__WHAT TO DO__
Below are some records. Return exactly the lines from the one containing "contour_integrable_on linepath u" through the one containing "a3) = frontier", both included, and only those.

Saved data entries
lemma partial_fraction_sum_poly_quotient:
  fixes c w :: "'b \<Rightarrow> complex"
  assumes "finite J"
  shows "\<exists>p q :: complex poly. q \<noteq> 0 \<and> (\<forall>z. poly q z = 0 \<longleftrightarrow> z \<in> w ` J) \<and>
           (\<forall>z. z \<notin> w ` J \<longrightarrow> poly p z / poly q z = (\<Sum>j\<in>J. c j / (w j - z)))"
  using assms
proof (induction J rule: finite_induct)
  case empty
  show ?case by (intro exI[of _ 0] exI[of _ 1]) auto
next
  case (insert j J)
  then obtain p q :: "complex poly" where q: "q \<noteq> 0" and q_zeros: "\<forall>z. poly q z = 0 \<longleftrightarrow> z \<in> w ` J"
    and pq: "\<forall>z. z \<notin> w ` J \<longrightarrow> poly p z / poly q z = (\<Sum>j\<in>J. c j / (w j - z))"
    by blast
  define q' where "q' = [:w j, -1:] * q"
  define p' where "p' = smult (c j) q + [:w j, -1:] * p"
  have "[:w j, -1:] \<noteq> 0" by simp
  then have "q' \<noteq> 0" using q unfolding q'_def by (metis no_zero_divisors)
  moreover have "\<forall>z. poly q' z = 0 \<longleftrightarrow> z \<in> w ` insert j J"
    using q_zeros by (auto simp: q'_def)
  moreover have "poly p' z / poly q' z = (\<Sum>j\<in>insert j J. c j / (w j - z))"
    if z: "z \<notin> w ` insert j J" for z
  proof -
    have "poly q z \<noteq> 0" "w j - z \<noteq> 0" using q_zeros z by auto
    then have "poly p' z / poly q' z = c j / (w j - z) + poly p z / poly q z"
      by (simp add: p'_def q'_def field_simps)
    then show ?thesis using pq z insert.hyps by simp
  qed
  ultimately show ?case by blast
qed

lemma rational_no_poles_on_partial_fraction_sum:
  assumes "finite J" "w ` J \<inter> K = {}"
  shows "rational_no_poles_on K (partial_fraction_sum J c w)"
proof -
  obtain p q :: "complex poly" where "q \<noteq> 0" and q_zeros: "\<forall>z. poly q z = 0 \<longleftrightarrow> z \<in> w ` J"
    and pq: "\<forall>z. z \<notin> w ` J \<longrightarrow> poly p z / poly q z = (\<Sum>j\<in>J. c j / (w j - z))"
    using partial_fraction_sum_poly_quotient[OF assms(1)] by blast
  moreover have "\<forall>z\<in>K. poly q z \<noteq> 0" using q_zeros assms(2) by auto
  moreover have "\<forall>z. partial_fraction_sum J c w z = poly p z / poly q z"
    using q_zeros pq by (auto simp: partial_fraction_sum_def)
  ultimately show ?thesis unfolding rational_no_poles_on_def by blast
qed

lemma borel_measurable_partial_fraction_sum:
  assumes "\<And>j. j \<in> J \<Longrightarrow> (\<lambda>\<omega>. c \<omega> j) \<in> borel_measurable M"
  shows "(\<lambda>\<omega>. partial_fraction_sum J (c \<omega>) w z) \<in> borel_measurable M"
  unfolding partial_fraction_sum_def using assms by measurable

lemma random_rational_approx_segment_integrals:
  fixes a b c :: "'i \<Rightarrow> complex"
  assumes X: "finite X" and K: "compact K"
    and seg: "\<And>x. x \<in> X \<Longrightarrow> closed_segment (a x) (b x) \<subseteq> U - K"
    and cont: "\<And>\<omega>. \<omega> \<in> space M \<Longrightarrow> continuous_on U (f \<omega>)"
    and meas: "\<And>z. z \<in> U \<Longrightarrow> (\<lambda>\<omega>. f \<omega> z) \<in> borel_measurable M"
  obtains R where "\<And>n. random_rational_no_poles_on M K (R n)"
    and "\<And>\<omega>. \<omega> \<in> space M \<Longrightarrow> uniform_limit K (\<lambda>n. R n \<omega>)
           (\<lambda>z. \<Sum>x\<in>X. c x * segment_cauchy_integral (f \<omega>) (a x) (b x) z) sequentially"
proof -
  have seg_U: "closed_segment (a x) (b x) \<subseteq> U" and seg_K: "closed_segment (a x) (b x) \<inter> K = {}"
    if "x \<in> X" for x
    using seg[OF that] by blast+
  define node where "node = (\<lambda>n (x, k). linepath (a x) (b x) (real k / real n))"
  define R where "R = (\<lambda>n \<omega>. partial_fraction_sum (X \<times> {..<n})
    (\<lambda>(x, k). c x * ((b x - a x) / of_nat n) * f \<omega> (node n (x, k))) (node n))"
  have node_seg: "node n (x, k) \<in> closed_segment (a x) (b x)" if "k < n" for n x k
    using that linepath_in_path[of "real k / real n"] by (simp add: node_def)
  have rational: "random_rational_no_poles_on M K (R n)" for n
    unfolding random_rational_no_poles_on_def
  proof (intro conjI ballI allI)
    show "rational_no_poles_on K (R n \<omega>)" for \<omega>
      unfolding R_def using X seg_K node_seg
      by (intro rational_no_poles_on_partial_fraction_sum) fastforce+
    show "(\<lambda>\<omega>. R n \<omega> z) \<in> borel_measurable M" for z
      unfolding R_def
      by (intro borel_measurable_partial_fraction_sum)
         (auto intro!: borel_measurable_divide borel_measurable_times meas subsetD[OF seg_U node_seg])
  qed
  have "uniform_limit K (\<lambda>n. R n \<omega>)
      (\<lambda>z. \<Sum>x\<in>X. c x * segment_cauchy_integral (f \<omega>) (a x) (b x) z) sequentially"
    if \<omega>: "\<omega> \<in> space M" for \<omega>
  proof -
    have "R n \<omega> z = (\<Sum>x\<in>X. c x * segment_cauchy_sum (f \<omega>) (a x) (b x) n z)"
      if z: "z \<in> K" for n z
    proof -
      have "z \<notin> node n ` (X \<times> {..<n})" using z seg_K node_seg by fastforce
      then have "R n \<omega> z = (\<Sum>(x, k)\<in>X \<times> {..<n}.
          c x * ((b x - a x) / of_nat n) * f \<omega> (node n (x, k)) / (node n (x, k) - z))"
        by (simp add: R_def partial_fraction_sum_def split_def)
      then show ?thesis
        by (simp add: sum.cartesian_product[symmetric] segment_cauchy_sum_def node_def
            sum_distrib_left mult.assoc)
    qed
    moreover have "uniform_limit K (\<lambda>n z. \<Sum>x\<in>X. c x * segment_cauchy_sum (f \<omega>) (a x) (b x) n z)
        (\<lambda>z. \<Sum>x\<in>X. c x * segment_cauchy_integral (f \<omega>) (a x) (b x) z) sequentially"
      using X seg_K seg_U continuous_on_subset[OF cont[OF \<omega>]]
      by (intro uniform_limit_sum uniform_limit_intros uniform_limit_segment_cauchy_sum K) blast+
    ultimately show ?thesis by (subst uniform_limit_cong') auto
  qed
  with rational show ?thesis using that by blast
qed

section \<open>Cauchy's formula on a rectangle\<close>

lemma contour_integral_rectpath_sides:
  fixes a1 a3 :: complex
  defines "a2 \<equiv> Complex (Re a3) (Im a1)" and "a4 \<equiv> Complex (Re a1) (Im a3)"
  assumes cont: "continuous_on (path_image (rectpath a1 a3)) F"
  shows "contour_integral (rectpath a1 a3) F = contour_integral (linepath a1 a2) F
    + contour_integral (linepath a2 a3) F - contour_integral (linepath a4 a3) F
    - contour_integral (linepath a1 a4) F"
proof -
  have image: "path_image (rectpath a1 a3)
      = closed_segment a1 a2 \<union> closed_segment a2 a3 \<union> closed_segment a4 a3 \<union> closed_segment a1 a4"
    by (simp add: rectpath_def Let_def path_image_join closed_segment_commute a2_def a4_def Un_assoc)
  have int: "F contour_integrable_on linepath u v"
    and rev: "contour_integral (linepath u v) F = - contour_integral (linepath v u) F"
    if "closed_segment u v \<subseteq> path_image (rectpath a1 a3)" for u v
    using continuous_on_subset[OF cont that]
    by (simp_all add: contour_integrable_continuous_linepath contour_integral_reverse_linepath)
  have "contour_integral (rectpath a1 a3) F = contour_integral (linepath a1 a2) F
      + contour_integral (linepath a2 a3) F + contour_integral (linepath a3 a4) F
      + contour_integral (linepath a4 a1) F"
  proof -
    have "F contour_integrable_on linepath a1 a2" "F contour_integrable_on linepath a2 a3"
      "F contour_integrable_on linepath a3 a4" "F contour_integrable_on linepath a4 a1"
      using int unfolding image by (auto simp: closed_segment_commute)
    then show ?thesis
      by (simp add: rectpath_def Let_def a2_def a4_def contour_integral_join
          contour_integrable_joinI valid_path_join)
  qed
  moreover have "contour_integral (linepath a3 a4) F = - contour_integral (linepath a4 a3) F"
    "contour_integral (linepath a4 a1) F = - contour_integral (linepath a1 a4) F"
    by (rule rev, unfold image, auto simp: closed_segment_commute)+
  ultimately show ?thesis by simp
qed

lemma cauchy_rectpath_sides:
  fixes a1 a3 :: complex
  defines "a2 \<equiv> Complex (Re a3) (Im a1)" and "a4 \<equiv> Complex (Re a1) (Im a3)"
  assumes le: "Re a1 \<le> Re a3" "Im a1 \<le> Im a3" and holo: "g holomorphic_on cbox a1 a3"
    and z: "z \<notin> frontier (cbox a1 a3)"
  shows "segment_cauchy_integral g a1 a2 z + segment_cauchy_integral g a2 a3 z
      - segment_cauchy_integral g a4 a3 z - segment_cauchy_integral g a1 a4 z
    = (if z \<in> box a1 a3 then 2 * pi * \<i> * g z else 0)"
proof -
  have image: "path_image (rectpath a1 a3) = frontier (cbox a1 a3)"
    using path_image_rectpath_cbox_minus_box[OF le] by (simp add: frontier_cbox)
  then have image_sub: "path_image (rectpath a1 a3) \<subseteq> cbox a1 a3 - {z}"
    using z frontier_subset_closed[OF closed_cbox] by blast
  have "continuous_on (path_image (rectpath a1 a3)) (\<lambda>w. g w / (w - z))"
    using image_sub holomorphic_on_imp_continuous_on[OF holo]
    by (intro continuous_intros) (auto elim: continuous_on_subset)
  then have sides: "segment_cauchy_integral g a1 a2 z + segment_cauchy_integral g a2 a3 z
      - segment_cauchy_integral g a4 a3 z - segment_cauchy_integral g a1 a4 z
    = contour_integral (rectpath a1 a3) (\<lambda>w. g w / (w - z))"
    by (simp add: contour_integral_rectpath_sides segment_cauchy_integral_def a2_def a4_def)
  have "((\<lambda>w. g w / (w - z)) has_contour_integral (if z \<in> box a1 a3 then 2 * pi * \<i> * g z else 0))
      (rectpath a1 a3)"
  proof (cases "z \<in> box a1 a3")
    case True
    then show ?thesis
      using Cauchy_integral_formula_convex_simple[OF convex_box(1) holo _ _ image_sub]
      by (simp add: winding_number_rectpath)
  next
    case False
    then have "z \<notin> cbox a1 a3" using z by (simp add: frontier_cbox)
    then have "(\<lambda>w. g w / (w - z)) holomorphic_on cbox a1 a3"
      using holo by (intro holomorphic_intros) auto
    then have "((\<lambda>w. g w / (w - z)) has_contour_integral 0) (rectpath a1 a3)"
      by (rule Cauchy_theorem_convex_simple[OF _ convex_box(1)]) (use image_sub in auto)
    then show ?thesis using False by simp
  qed
  then show ?thesis unfolding sides by (rule contour_integral_unique)
qed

__RESPONSE BOX__
  have int: "F contour_integrable_on linepath u v"
    and rev: "contour_integral (linepath u v) F = - contour_integral (linepath v u) F"
    if "closed_segment u v \<subseteq> path_image (rectpath a1 a3)" for u v
    using continuous_on_subset[OF cont that]
    by (simp_all add: contour_integrable_continuous_linepath contour_integral_reverse_linepath)
  have "contour_integral (rectpath a1 a3) F = contour_integral (linepath a1 a2) F
      + contour_integral (linepath a2 a3) F + contour_integral (linepath a3 a4) F
      + contour_integral (linepath a4 a1) F"
  proof -
    have "F contour_integrable_on linepath a1 a2" "F contour_integrable_on linepath a2 a3"
      "F contour_integrable_on linepath a3 a4" "F contour_integrable_on linepath a4 a1"
      using int unfolding image by (auto simp: closed_segment_commute)
    then show ?thesis
      by (simp add: rectpath_def Let_def a2_def a4_def contour_integral_join
          contour_integrable_joinI valid_path_join)
  qed
  moreover have "contour_integral (linepath a3 a4) F = - contour_integral (linepath a4 a3) F"
    "contour_integral (linepath a4 a1) F = - contour_integral (linepath a1 a4) F"
    by (rule rev, unfold image, auto simp: closed_segment_commute)+
  ultimately show ?thesis by simp
qed

lemma cauchy_rectpath_sides:
  fixes a1 a3 :: complex
  defines "a2 \<equiv> Complex (Re a3) (Im a1)" and "a4 \<equiv> Complex (Re a1) (Im a3)"
  assumes le: "Re a1 \<le> Re a3" "Im a1 \<le> Im a3" and holo: "g holomorphic_on cbox a1 a3"
    and z: "z \<notin> frontier (cbox a1 a3)"
  shows "segment_cauchy_integral g a1 a2 z + segment_cauchy_integral g a2 a3 z
      - segment_cauchy_integral g a4 a3 z - segment_cauchy_integral g a1 a4 z
    = (if z \<in> box a1 a3 then 2 * pi * \<i> * g z else 0)"
proof -
  have image: "path_image (rectpath a1 a3) = frontier (cbox a1 a3)"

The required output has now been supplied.